Your task.
A stretch of the entries below is to be set down exactly, running from the line with "unfolding A_def using" through the line with "fix cs assume", both included, and no other line.
── Supplied material
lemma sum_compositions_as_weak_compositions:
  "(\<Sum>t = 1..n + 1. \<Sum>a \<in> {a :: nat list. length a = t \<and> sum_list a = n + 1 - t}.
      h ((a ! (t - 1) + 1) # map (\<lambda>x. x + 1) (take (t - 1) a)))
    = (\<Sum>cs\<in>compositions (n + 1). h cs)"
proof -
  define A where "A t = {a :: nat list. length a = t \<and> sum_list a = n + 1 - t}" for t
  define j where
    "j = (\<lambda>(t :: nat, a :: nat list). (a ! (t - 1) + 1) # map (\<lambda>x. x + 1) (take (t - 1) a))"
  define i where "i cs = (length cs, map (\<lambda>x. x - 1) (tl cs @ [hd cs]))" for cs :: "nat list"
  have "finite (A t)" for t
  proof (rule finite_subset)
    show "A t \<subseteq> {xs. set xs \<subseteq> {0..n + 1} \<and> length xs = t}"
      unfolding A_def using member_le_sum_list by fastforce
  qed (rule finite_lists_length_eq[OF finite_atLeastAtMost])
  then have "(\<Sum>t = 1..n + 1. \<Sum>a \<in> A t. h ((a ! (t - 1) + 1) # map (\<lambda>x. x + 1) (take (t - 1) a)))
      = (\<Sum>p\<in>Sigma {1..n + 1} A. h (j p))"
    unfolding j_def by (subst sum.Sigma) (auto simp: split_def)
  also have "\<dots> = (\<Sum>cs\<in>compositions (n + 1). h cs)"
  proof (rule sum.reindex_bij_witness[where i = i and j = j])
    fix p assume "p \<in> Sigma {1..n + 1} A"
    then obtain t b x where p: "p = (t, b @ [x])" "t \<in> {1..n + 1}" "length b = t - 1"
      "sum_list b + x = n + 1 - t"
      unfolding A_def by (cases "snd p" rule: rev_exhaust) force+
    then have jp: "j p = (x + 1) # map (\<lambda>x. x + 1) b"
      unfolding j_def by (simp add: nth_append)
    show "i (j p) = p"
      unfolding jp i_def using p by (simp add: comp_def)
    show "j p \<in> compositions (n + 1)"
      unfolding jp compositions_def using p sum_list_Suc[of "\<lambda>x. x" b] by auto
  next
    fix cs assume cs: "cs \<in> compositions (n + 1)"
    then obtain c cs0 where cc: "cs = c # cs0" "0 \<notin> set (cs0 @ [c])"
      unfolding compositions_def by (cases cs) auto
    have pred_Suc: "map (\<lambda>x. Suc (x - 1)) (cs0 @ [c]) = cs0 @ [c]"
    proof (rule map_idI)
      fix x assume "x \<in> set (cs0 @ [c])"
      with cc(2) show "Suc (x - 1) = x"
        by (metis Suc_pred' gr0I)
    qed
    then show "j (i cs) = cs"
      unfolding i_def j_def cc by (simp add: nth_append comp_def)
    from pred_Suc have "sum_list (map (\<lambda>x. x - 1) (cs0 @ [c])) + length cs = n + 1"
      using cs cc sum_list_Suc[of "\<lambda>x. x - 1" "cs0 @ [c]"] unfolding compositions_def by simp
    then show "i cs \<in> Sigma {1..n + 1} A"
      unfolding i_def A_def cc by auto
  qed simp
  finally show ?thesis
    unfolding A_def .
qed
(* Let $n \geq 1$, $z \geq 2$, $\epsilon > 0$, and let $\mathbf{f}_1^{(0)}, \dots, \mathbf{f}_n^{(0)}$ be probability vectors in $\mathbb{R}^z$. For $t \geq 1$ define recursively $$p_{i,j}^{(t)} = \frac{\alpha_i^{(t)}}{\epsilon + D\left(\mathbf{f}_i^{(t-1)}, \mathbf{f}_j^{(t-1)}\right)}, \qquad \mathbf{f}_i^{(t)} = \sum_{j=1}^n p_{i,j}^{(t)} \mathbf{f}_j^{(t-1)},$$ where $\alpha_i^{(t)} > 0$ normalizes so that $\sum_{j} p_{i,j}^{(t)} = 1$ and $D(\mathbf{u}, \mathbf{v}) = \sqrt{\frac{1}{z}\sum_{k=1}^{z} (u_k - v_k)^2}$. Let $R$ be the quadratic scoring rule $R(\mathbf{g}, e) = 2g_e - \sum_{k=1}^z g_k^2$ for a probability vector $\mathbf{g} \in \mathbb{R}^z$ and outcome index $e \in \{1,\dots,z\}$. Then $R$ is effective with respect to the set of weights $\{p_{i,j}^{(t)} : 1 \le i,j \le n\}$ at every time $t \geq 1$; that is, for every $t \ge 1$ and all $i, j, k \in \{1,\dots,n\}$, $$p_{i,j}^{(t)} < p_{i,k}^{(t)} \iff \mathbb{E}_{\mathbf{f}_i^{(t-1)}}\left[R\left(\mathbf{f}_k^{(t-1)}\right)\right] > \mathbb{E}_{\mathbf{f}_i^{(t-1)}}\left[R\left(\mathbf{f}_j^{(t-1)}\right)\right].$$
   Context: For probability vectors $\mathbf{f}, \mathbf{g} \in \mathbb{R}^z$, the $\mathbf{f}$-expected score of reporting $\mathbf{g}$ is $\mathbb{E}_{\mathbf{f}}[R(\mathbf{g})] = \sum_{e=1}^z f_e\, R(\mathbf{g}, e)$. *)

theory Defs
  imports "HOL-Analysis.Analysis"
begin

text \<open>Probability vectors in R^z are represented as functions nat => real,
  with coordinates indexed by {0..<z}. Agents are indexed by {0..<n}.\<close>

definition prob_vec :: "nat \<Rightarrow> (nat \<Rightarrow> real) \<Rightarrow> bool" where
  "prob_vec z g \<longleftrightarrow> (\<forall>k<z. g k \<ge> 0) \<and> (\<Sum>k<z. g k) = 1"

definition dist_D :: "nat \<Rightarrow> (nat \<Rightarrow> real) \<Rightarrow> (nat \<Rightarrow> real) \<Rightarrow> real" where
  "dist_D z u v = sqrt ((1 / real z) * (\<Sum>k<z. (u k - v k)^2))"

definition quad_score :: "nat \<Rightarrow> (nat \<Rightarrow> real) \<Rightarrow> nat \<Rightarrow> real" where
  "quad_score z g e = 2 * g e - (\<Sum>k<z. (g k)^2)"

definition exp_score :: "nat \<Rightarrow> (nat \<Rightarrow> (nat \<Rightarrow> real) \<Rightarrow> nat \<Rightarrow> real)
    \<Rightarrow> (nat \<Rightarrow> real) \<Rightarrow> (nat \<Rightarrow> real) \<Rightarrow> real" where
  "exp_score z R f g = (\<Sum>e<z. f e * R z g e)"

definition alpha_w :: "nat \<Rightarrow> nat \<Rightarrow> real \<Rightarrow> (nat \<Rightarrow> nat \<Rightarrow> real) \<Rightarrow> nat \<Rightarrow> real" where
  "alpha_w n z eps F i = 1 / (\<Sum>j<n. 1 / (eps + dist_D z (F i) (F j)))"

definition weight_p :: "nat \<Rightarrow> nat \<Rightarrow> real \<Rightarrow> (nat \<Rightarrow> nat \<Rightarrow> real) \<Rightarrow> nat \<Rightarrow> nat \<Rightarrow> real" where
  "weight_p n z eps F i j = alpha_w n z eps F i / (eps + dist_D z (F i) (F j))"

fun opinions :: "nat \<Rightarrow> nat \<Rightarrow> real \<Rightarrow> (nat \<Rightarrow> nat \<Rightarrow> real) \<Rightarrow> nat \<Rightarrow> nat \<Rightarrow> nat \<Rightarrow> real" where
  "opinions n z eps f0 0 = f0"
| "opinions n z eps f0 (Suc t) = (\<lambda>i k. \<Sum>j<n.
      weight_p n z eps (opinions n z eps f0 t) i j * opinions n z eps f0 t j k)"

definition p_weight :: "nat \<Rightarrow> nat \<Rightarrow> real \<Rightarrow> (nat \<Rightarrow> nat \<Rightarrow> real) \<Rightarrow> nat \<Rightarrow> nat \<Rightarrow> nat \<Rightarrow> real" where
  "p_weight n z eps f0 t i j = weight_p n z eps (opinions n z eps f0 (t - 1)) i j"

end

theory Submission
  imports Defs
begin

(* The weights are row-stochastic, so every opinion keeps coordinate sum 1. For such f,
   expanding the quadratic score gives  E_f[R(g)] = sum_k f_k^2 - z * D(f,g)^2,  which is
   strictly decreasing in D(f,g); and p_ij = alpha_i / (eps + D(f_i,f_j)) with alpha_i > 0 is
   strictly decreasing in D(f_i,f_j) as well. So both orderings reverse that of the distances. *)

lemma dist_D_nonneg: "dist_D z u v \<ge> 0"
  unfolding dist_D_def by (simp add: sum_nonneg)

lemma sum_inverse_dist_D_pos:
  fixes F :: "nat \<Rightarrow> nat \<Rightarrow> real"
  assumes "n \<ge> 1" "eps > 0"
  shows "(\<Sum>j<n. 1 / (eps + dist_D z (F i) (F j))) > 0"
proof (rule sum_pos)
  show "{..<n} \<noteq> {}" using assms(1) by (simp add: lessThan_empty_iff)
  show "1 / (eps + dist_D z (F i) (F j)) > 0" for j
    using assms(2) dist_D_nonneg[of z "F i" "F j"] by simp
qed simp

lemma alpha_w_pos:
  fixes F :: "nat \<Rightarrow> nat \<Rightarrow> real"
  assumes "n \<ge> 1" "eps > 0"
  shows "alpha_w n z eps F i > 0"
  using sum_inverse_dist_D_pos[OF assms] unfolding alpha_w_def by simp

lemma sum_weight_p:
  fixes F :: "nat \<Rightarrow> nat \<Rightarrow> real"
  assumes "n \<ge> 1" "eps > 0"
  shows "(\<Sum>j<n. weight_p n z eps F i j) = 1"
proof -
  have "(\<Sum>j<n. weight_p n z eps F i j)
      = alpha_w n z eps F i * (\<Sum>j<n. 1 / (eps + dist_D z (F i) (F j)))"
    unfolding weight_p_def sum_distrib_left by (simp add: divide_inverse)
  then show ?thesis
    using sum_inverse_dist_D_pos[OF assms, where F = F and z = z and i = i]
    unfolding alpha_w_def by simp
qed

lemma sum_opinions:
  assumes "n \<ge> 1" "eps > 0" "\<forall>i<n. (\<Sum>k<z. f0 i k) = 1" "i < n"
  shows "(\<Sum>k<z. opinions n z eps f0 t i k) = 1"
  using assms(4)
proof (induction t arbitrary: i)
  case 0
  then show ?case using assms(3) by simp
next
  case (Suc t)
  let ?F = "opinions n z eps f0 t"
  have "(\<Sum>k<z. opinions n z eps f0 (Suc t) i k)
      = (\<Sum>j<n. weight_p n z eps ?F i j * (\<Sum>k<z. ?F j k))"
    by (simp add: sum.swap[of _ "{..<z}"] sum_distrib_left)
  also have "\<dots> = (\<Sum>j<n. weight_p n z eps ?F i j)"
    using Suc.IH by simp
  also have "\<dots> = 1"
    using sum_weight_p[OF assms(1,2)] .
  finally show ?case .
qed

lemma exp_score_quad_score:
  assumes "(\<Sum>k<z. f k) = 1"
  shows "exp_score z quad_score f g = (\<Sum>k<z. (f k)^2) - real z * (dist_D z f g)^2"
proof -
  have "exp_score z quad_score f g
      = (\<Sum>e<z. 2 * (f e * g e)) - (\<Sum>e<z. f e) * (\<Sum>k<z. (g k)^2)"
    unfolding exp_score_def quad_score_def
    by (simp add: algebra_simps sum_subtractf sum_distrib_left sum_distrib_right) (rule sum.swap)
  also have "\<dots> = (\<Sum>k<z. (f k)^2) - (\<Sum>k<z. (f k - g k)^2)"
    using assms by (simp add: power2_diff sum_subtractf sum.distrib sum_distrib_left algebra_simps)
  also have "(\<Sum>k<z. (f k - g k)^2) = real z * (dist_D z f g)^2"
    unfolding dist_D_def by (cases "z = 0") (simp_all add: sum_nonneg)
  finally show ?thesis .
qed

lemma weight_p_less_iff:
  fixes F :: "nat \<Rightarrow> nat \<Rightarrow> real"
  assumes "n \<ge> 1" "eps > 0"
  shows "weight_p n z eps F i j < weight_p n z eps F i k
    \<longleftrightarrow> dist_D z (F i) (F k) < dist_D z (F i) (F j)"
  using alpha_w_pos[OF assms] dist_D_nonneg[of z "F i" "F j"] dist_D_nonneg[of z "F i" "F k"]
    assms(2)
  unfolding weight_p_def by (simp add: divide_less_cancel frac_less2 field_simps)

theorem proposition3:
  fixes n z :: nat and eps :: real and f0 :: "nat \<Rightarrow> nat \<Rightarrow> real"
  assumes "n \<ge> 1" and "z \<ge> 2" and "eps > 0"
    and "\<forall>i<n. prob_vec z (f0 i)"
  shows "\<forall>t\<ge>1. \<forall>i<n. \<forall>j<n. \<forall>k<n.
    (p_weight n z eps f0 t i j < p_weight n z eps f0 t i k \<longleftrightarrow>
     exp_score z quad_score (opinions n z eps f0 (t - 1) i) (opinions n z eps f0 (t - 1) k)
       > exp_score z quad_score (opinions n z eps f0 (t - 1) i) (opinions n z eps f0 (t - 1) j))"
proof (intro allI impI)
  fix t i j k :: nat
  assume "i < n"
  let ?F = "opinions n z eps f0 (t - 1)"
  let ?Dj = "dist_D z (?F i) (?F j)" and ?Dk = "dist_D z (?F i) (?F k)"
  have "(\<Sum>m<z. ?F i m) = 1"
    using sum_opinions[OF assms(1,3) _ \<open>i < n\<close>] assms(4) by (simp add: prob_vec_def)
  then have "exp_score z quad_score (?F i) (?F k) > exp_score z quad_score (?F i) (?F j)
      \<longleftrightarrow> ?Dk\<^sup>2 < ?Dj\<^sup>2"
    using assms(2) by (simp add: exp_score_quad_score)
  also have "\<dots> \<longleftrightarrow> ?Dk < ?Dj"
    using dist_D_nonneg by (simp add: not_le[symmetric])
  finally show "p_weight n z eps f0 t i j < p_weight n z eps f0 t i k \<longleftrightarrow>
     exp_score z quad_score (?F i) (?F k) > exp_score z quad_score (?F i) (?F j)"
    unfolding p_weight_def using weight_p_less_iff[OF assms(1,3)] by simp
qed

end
────
Written response.
      unfolding A_def using member_le_sum_list by fastforce
  qed (rule finite_lists_length_eq[OF finite_atLeastAtMost])
  then have "(\<Sum>t = 1..n + 1. \<Sum>a \<in> A t. h ((a ! (t - 1) + 1) # map (\<lambda>x. x + 1) (take (t - 1) a)))
      = (\<Sum>p\<in>Sigma {1..n + 1} A. h (j p))"
    unfolding j_def by (subst sum.Sigma) (auto simp: split_def)
  also have "\<dots> = (\<Sum>cs\<in>compositions (n + 1). h cs)"
  proof (rule sum.reindex_bij_witness[where i = i and j = j])
    fix p assume "p \<in> Sigma {1..n + 1} A"
    then obtain t b x where p: "p = (t, b @ [x])" "t \<in> {1..n + 1}" "length b = t - 1"
      "sum_list b + x = n + 1 - t"
      unfolding A_def by (cases "snd p" rule: rev_exhaust) force+
    then have jp: "j p = (x + 1) # map (\<lambda>x. x + 1) b"
      unfolding j_def by (simp add: nth_append)
    show "i (j p) = p"
      unfolding jp i_def using p by (simp add: comp_def)
    show "j p \<in> compositions (n + 1)"
      unfolding jp compositions_def using p sum_list_Suc[of "\<lambda>x. x" b] by auto
  next
    fix cs assume cs: "cs \<in> compositions (n + 1)"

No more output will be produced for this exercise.